Work item - Set out exactly every line of the entries below, starting at the line that holds "then t (gmult" and stopping after the line that holds "Then the automorphisms".
==== Exercise input ====
(* Let $G=\langle S_k\mid K\rangle$ be a finitely generated semigroup as described in the context with $K$ primitive, and suppose $\sum_{j=1}^kK(s_i,s_j)=k$ for some $s_i\in S_k$. Let $\mathcal{A}$ be a finite alphabet and $X=X_{\mathbf{A}}\subseteq\mathcal{A}^G$ a Markov tree shift. Then the topological entropy of $X$ exists and \[h(X)=\lim_{n\to\infty}\frac{\log p_n}{|\Delta_n|}=h^{(s)}(X).\]
   Context: Let $K$ be a $k\times k$ matrix with entries in $\{0,1\}$ indexed by $S_k=\{s_1,\dots,s_k\}$, and let $G=\langle S_k\mid K\rangle$ be the semigroup generated by $S_k$ subject to the relations $s_is_j=1_G$ if and only if $K(s_i,s_j)=0$ ($1_G$ the identity). Every $g\in G$ has a unique minimal representation $g=g_1g_2\cdots g_n$ with $g_l\in S_k$ and $K(g_l,g_{l+1})=1$; its length is $|g|=n$ (with $|1_G|=0$). For $n\ge0$, $\Delta_n=\{h\in G:|h|\le n\}$, and for $g\in G$ the $n$-semiball is $\bar{\Delta}^{(g)}_n=\{gh: h\in G,\ |h|\le n,\ |gh|=|g|+|h|\}$. For a finite alphabet $\mathcal{A}$, a pattern is a map $u:H\to\mathcal{A}$ with $H\subset G$ finite; $u$ is accepted by $t\in\mathcal{A}^G$ if there is $g\in G$ with $t_{gh}=u_h$ for all $h\in H$. For a subset $X\subseteq\mathcal{A}^G$, $p_n$ is the number of patterns $u\in\mathcal{A}^{\Delta_n}$ accepted by some $t\in X$, and $p^{(g)}_n$ the number of patterns $u\in\mathcal{A}^{\bar{\Delta}^{(g)}_n}$ accepted by some $t\in X$. Given a $k$-tuple $\mathbf{A}=(A_1,\dots,A_k)$ of $\{0,1\}$-matrices indexed by $\mathcal{A}$, the Markov tree shift is $X_{\mathbf{A}}=\{t\in\mathcal{A}^G: A_i(t_g,t_{gs_i})=1 \text{ for all } g\in G \text{ and } i \text{ with } |gs_i|=|g|+1\}$. The $i$th stem entropy is $h^{(s_i)}(X)=\limsup_{n\to\infty}\log p^{(s_i)}_n/|\bar{\Delta}^{(s_i)}_n|$; since $K$ is primitive these values all coincide, and $h^{(s)}(X)$ denotes their common value (the stem entropy). A nonnegative square matrix is primitive if some power has all entries positive. *)

theory Defs
  imports Complex_Main "HOL-Library.Extended_Real" "HOL-Library.Liminf_Limsup"
begin

text \<open>The generators s_1..s_k are encoded as the indices 0..k-1; the matrix K is a
function nat => nat => nat (only indices < k matter). Elements of
G = <S_k | K> are their unique minimal representations: words (lists of
generator indices) with K(g_l, g_(l+1)) = 1 for consecutive letters.
The identity is the empty word.\<close>

definition Gset :: "nat \<Rightarrow> (nat \<Rightarrow> nat \<Rightarrow> nat) \<Rightarrow> nat list set" where
  "Gset k K = {w. set w \<subseteq> {..<k} \<and> (\<forall>l. Suc l < length w \<longrightarrow> K (w ! l) (w ! Suc l) = 1)}"

text \<open>Right multiplication by one generator: s_i s_j = 1 iff K(s_i,s_j) = 0.\<close>
definition push :: "(nat \<Rightarrow> nat \<Rightarrow> nat) \<Rightarrow> nat list \<Rightarrow> nat \<Rightarrow> nat list" where
  "push K g x = (if g \<noteq> [] \<and> K (last g) x = 0 then butlast g else g @ [x])"

fun gmult :: "(nat \<Rightarrow> nat \<Rightarrow> nat) \<Rightarrow> nat list \<Rightarrow> nat list \<Rightarrow> nat list" where
  "gmult K g [] = g"
| "gmult K g (x # h) = gmult K (push K g x) h"

definition ball :: "nat \<Rightarrow> (nat \<Rightarrow> nat \<Rightarrow> nat) \<Rightarrow> nat \<Rightarrow> nat list set" where
  "ball k K n = {h \<in> Gset k K. length h \<le> n}"

definition semiball :: "nat \<Rightarrow> (nat \<Rightarrow> nat \<Rightarrow> nat) \<Rightarrow> nat list \<Rightarrow> nat \<Rightarrow> nat list set" where
  "semiball k K g n = {gmult K g h | h. h \<in> Gset k K \<and> length h \<le> n \<and>
      length (gmult K g h) = length g + length h}"

text \<open>Patterns u : H -> alphabet accepted by some t in X (represented as
functions extensional outside H).\<close>
definition accepted_patterns ::
  "nat \<Rightarrow> (nat \<Rightarrow> nat \<Rightarrow> nat) \<Rightarrow> (nat list \<Rightarrow> 'a) set \<Rightarrow> nat list set \<Rightarrow> (nat list \<Rightarrow> 'a) set" where
  "accepted_patterns k K X H =
     {(\<lambda>h. if h \<in> H then t (gmult K g h) else undefined) | t g. t \<in> X \<and> g \<in> Gset k K}"

definition pn :: "nat \<Rightarrow> (nat \<Rightarrow> nat \<Rightarrow> nat) \<Rightarrow> (nat list \<Rightarrow> 'a) set \<Rightarrow> nat \<Rightarrow> nat" where
  "pn k K X n = card (accepted_patterns k K X (ball k K n))"

definition pn_semi :: "nat \<Rightarrow> (nat \<Rightarrow> nat \<Rightarrow> nat) \<Rightarrow> (nat list \<Rightarrow> 'a) set \<Rightarrow> nat list \<Rightarrow> nat \<Rightarrow> nat" where
  "pn_semi k K X g n = card (accepted_patterns k K X (semiball k K g n))"
(* Let $\mathcal{A}\in\mathcal{T}'_5$ with $c_{13}^4=c_{14}^5=c_{24}^5=0$. Then the automorphisms of $\mathcal{A}$ are exactly the linear maps $\varphi$ given by $\varphi(e_1)=xe_1+a_{41}e_4+a_{51}e_5$, $\varphi(e_2)=a_{12}e_1+ye_2+a_{42}e_4+a_{52}e_5$, $\varphi(e_3)=xye_3$, $\varphi(e_4)=xy^2e_4+a_{54}e_5$, $\varphi(e_5)=x^2y^3e_5$, where $x,y\in\mathbb{C}^*$, $a_{12},a_{42},a_{51},a_{52}\in\mathbb{C}$ are arbitrary, $a_{41}=c_{13}^5x(1-y^2)$ and $a_{54}=xy(a_{12}c_{13}^5-a_{42})$.
   Context: Over $\mathbb{C}$, basis $e_1,\dots,e_n$, $e_ie_j=\sum_kc_{ij}^ke_k$. For $n\ge3$, $\mathcal{T}'_n$ is the family of anticommutative algebra structures with $c_{ij}^k=0$ whenever $k\le\max\{i,j\}$ and $e_ie_{i+1}=e_{i+2}$ for $1\le i\le n-2$, other structure constants arbitrary subject to these and anticommutativity. *)

theory Defs
  imports Main "HOL-Library.Complex_Order" Complex_Main
begin

text \<open>Vectors of the n-dimensional algebra: coordinate functions w.r.t. the basis
e_1,...,e_n, i.e. functions nat => complex supported in {1..n}.
Structure constants: c i j k is the coefficient of e_k in e_i e_j.\<close>

definition vecs :: "nat \<Rightarrow> (nat \<Rightarrow> complex) set" where
  "vecs n = {v. \<forall>i. i \<notin> {1..n} \<longrightarrow> v i = 0}"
====
Task solution -
     {(\<lambda>h. if h \<in> H then t (gmult K g h) else undefined) | t g. t \<in> X \<and> g \<in> Gset k K}"

definition pn :: "nat \<Rightarrow> (nat \<Rightarrow> nat \<Rightarrow> nat) \<Rightarrow> (nat list \<Rightarrow> 'a) set \<Rightarrow> nat \<Rightarrow> nat" where
  "pn k K X n = card (accepted_patterns k K X (ball k K n))"

definition pn_semi :: "nat \<Rightarrow> (nat \<Rightarrow> nat \<Rightarrow> nat) \<Rightarrow> (nat list \<Rightarrow> 'a) set \<Rightarrow> nat list \<Rightarrow> nat \<Rightarrow> nat" where
  "pn_semi k K X g n = card (accepted_patterns k K X (semiball k K g n))"
(* Let $\mathcal{A}\in\mathcal{T}'_5$ with $c_{13}^4=c_{14}^5=c_{24}^5=0$. Then the automorphisms of $\mathcal{A}$ are exactly the linear maps $\varphi$ given by $\varphi(e_1)=xe_1+a_{41}e_4+a_{51}e_5$, $\varphi(e_2)=a_{12}e_1+ye_2+a_{42}e_4+a_{52}e_5$, $\varphi(e_3)=xye_3$, $\varphi(e_4)=xy^2e_4+a_{54}e_5$, $\varphi(e_5)=x^2y^3e_5$, where $x,y\in\mathbb{C}^*$, $a_{12},a_{42},a_{51},a_{52}\in\mathbb{C}$ are arbitrary, $a_{41}=c_{13}^5x(1-y^2)$ and $a_{54}=xy(a_{12}c_{13}^5-a_{42})$.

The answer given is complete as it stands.